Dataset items
------------------------------------------------

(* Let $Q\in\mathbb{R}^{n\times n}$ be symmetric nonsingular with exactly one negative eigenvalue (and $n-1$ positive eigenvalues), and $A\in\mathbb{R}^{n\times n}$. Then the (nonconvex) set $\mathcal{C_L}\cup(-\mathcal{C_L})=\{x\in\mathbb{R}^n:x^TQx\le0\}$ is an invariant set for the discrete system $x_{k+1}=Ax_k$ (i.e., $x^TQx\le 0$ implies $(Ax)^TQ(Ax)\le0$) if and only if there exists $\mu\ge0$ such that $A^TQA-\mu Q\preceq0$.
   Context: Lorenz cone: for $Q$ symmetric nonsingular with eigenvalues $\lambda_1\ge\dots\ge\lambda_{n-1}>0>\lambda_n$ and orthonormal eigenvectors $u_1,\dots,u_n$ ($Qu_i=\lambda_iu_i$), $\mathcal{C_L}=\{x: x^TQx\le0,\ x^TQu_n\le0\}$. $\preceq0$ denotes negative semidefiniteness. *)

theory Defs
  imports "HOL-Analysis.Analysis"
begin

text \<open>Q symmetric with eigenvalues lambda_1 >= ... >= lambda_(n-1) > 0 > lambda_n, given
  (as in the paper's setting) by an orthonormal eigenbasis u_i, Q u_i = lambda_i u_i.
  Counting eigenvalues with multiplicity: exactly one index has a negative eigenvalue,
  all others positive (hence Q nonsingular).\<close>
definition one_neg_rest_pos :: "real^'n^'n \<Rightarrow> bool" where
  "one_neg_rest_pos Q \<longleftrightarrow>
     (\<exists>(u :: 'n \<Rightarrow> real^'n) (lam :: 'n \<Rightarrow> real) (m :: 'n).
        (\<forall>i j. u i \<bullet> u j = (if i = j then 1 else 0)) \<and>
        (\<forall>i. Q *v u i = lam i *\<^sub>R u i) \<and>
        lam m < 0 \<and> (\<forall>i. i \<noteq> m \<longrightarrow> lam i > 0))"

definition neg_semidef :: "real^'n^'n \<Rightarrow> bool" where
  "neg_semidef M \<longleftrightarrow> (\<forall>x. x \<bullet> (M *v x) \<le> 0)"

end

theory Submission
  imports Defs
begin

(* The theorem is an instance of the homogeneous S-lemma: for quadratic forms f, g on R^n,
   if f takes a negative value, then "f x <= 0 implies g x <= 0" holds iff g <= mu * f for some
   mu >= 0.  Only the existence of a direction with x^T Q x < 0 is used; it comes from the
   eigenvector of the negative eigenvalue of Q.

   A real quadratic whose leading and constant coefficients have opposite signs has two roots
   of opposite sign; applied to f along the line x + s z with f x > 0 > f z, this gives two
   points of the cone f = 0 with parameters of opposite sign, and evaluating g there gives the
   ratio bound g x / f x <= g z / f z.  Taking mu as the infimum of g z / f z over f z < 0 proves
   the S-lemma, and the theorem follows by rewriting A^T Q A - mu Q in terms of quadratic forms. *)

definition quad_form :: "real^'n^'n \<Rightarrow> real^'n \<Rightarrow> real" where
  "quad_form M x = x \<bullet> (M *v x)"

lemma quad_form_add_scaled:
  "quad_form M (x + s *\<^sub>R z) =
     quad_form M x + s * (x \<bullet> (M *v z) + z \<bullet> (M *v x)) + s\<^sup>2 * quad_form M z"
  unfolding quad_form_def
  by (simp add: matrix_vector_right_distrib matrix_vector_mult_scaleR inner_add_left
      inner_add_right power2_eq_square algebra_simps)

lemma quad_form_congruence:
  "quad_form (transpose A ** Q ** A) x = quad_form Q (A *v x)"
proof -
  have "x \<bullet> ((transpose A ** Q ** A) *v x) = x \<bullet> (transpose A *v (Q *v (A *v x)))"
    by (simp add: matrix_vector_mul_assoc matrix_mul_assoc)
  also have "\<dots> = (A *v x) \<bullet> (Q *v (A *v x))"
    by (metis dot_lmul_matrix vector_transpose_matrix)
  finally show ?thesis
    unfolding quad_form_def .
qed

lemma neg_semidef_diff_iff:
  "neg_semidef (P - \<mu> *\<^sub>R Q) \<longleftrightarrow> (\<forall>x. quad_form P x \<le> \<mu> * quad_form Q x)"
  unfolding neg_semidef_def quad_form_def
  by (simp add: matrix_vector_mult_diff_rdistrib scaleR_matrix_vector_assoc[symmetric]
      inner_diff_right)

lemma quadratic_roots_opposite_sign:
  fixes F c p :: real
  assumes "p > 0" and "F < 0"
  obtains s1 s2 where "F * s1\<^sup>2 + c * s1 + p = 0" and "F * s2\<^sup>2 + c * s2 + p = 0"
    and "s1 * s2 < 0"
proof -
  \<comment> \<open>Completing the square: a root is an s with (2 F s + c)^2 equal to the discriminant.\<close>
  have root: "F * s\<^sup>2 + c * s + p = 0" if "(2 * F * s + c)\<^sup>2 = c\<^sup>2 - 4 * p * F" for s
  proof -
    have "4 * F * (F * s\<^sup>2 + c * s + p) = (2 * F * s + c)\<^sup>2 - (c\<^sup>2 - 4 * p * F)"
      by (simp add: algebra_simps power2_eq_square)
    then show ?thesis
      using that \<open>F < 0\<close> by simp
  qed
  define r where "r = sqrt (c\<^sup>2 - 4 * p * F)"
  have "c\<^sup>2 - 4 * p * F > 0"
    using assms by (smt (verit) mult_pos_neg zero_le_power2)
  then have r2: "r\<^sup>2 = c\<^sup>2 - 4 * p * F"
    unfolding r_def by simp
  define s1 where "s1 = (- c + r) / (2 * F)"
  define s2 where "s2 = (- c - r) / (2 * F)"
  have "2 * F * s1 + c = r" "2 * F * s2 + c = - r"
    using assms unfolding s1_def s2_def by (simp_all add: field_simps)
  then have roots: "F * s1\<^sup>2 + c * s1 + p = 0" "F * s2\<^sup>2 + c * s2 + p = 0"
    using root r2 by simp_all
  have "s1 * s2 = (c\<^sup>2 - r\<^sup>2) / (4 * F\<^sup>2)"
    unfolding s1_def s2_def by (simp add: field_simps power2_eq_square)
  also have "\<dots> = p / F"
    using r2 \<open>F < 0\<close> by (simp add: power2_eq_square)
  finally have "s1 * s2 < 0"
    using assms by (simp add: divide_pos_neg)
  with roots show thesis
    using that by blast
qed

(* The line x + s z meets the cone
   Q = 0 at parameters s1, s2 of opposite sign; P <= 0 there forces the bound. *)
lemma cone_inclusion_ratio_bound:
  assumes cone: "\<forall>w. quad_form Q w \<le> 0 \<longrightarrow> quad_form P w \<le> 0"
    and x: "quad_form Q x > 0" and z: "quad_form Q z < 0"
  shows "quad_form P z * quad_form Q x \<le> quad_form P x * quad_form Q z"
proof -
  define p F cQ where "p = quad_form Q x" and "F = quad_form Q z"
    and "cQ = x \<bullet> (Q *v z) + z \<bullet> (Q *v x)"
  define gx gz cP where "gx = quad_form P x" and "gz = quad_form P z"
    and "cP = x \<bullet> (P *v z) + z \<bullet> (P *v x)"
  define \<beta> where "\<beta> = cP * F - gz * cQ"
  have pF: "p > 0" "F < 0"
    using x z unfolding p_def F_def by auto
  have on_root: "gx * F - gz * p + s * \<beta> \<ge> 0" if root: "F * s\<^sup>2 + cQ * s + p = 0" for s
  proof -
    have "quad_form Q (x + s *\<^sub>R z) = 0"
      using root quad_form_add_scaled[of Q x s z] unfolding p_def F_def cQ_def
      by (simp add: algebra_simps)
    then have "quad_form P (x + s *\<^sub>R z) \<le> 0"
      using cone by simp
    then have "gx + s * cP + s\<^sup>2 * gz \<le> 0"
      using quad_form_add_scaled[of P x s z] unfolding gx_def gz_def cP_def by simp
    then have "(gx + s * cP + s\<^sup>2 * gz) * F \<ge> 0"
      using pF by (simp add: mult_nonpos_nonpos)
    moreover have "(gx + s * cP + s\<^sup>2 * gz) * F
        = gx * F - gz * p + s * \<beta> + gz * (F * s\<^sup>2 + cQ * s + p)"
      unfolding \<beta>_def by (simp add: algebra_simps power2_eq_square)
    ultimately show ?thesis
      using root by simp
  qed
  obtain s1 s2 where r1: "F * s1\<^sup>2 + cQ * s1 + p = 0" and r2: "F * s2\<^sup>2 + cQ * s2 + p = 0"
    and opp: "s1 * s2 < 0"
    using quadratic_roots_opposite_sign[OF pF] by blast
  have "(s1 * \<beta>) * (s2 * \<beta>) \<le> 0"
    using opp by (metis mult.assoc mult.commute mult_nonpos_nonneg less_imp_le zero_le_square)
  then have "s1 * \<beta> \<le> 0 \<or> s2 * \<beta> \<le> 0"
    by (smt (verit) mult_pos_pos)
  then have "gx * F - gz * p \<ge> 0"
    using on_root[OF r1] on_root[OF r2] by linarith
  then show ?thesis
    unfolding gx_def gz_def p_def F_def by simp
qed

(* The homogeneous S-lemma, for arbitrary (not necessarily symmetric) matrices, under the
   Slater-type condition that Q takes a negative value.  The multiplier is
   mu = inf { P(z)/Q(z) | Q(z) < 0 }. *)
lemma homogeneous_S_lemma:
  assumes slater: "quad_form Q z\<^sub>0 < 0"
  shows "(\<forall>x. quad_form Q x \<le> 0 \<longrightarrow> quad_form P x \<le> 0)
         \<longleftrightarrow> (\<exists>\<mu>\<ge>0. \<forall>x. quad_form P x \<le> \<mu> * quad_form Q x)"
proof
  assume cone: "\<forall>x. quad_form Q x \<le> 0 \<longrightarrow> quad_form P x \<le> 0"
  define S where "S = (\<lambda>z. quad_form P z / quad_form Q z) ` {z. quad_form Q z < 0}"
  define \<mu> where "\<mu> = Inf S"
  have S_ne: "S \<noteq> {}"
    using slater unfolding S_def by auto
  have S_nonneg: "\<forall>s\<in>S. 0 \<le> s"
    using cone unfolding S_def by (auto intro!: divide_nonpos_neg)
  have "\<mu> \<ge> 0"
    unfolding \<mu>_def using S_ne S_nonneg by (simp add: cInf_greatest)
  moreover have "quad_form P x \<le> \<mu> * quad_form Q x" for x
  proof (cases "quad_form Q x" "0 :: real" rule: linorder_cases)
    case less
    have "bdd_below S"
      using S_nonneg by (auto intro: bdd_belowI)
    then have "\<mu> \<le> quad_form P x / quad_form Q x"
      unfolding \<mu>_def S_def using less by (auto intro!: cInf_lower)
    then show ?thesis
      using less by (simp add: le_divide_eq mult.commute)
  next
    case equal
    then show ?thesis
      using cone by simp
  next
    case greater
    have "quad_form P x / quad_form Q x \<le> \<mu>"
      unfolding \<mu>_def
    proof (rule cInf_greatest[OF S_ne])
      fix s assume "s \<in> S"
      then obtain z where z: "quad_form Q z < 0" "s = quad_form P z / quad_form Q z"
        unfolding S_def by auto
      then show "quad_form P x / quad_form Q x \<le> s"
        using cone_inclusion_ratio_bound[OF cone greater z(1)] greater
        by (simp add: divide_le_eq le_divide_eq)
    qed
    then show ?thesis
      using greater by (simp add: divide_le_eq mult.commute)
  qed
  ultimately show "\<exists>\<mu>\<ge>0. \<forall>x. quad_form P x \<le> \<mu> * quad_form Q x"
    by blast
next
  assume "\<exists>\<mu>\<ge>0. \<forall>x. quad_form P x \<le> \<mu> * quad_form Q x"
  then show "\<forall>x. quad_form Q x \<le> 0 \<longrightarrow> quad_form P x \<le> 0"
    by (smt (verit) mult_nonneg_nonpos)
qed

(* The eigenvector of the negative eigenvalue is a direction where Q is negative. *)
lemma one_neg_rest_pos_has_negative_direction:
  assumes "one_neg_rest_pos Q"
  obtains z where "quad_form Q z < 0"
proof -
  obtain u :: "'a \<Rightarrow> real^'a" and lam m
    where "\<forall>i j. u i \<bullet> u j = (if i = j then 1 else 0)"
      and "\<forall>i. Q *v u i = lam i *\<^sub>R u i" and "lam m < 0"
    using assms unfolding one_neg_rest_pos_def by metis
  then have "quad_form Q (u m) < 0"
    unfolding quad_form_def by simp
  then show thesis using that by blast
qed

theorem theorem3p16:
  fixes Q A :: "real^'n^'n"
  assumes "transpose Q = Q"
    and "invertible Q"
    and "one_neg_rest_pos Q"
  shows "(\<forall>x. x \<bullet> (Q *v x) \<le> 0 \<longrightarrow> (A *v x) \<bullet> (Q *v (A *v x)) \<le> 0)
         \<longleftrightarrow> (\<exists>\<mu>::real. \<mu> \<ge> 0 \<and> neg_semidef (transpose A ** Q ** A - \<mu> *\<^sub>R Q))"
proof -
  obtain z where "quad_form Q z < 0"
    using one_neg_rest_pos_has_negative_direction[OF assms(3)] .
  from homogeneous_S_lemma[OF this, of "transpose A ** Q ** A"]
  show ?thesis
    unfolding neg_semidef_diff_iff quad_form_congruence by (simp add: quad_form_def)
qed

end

------------------------------------------------

(TRY IT): Among the records above, repeat exactly the line with "ultimately show ?thesis", the line with "using slater unfolding S_def by auto", and every line in between, and only those.

(REPLY TO THE EXERCISE):
    ultimately show ?thesis
      using root by simp
  qed
  obtain s1 s2 where r1: "F * s1\<^sup>2 + cQ * s1 + p = 0" and r2: "F * s2\<^sup>2 + cQ * s2 + p = 0"
    and opp: "s1 * s2 < 0"
    using quadratic_roots_opposite_sign[OF pF] by blast
  have "(s1 * \<beta>) * (s2 * \<beta>) \<le> 0"
    using opp by (metis mult.assoc mult.commute mult_nonpos_nonneg less_imp_le zero_le_square)
  then have "s1 * \<beta> \<le> 0 \<or> s2 * \<beta> \<le> 0"
    by (smt (verit) mult_pos_pos)
  then have "gx * F - gz * p \<ge> 0"
    using on_root[OF r1] on_root[OF r2] by linarith
  then show ?thesis
    unfolding gx_def gz_def p_def F_def by simp
qed

(* The homogeneous S-lemma, for arbitrary (not necessarily symmetric) matrices, under the
   Slater-type condition that Q takes a negative value.  The multiplier is
   mu = inf { P(z)/Q(z) | Q(z) < 0 }. *)
lemma homogeneous_S_lemma:
  assumes slater: "quad_form Q z\<^sub>0 < 0"
  shows "(\<forall>x. quad_form Q x \<le> 0 \<longrightarrow> quad_form P x \<le> 0)
         \<longleftrightarrow> (\<exists>\<mu>\<ge>0. \<forall>x. quad_form P x \<le> \<mu> * quad_form Q x)"
proof
  assume cone: "\<forall>x. quad_form Q x \<le> 0 \<longrightarrow> quad_form P x \<le> 0"
  define S where "S = (\<lambda>z. quad_form P z / quad_form Q z) ` {z. quad_form Q z < 0}"
  define \<mu> where "\<mu> = Inf S"
  have S_ne: "S \<noteq> {}"
    using slater unfolding S_def by auto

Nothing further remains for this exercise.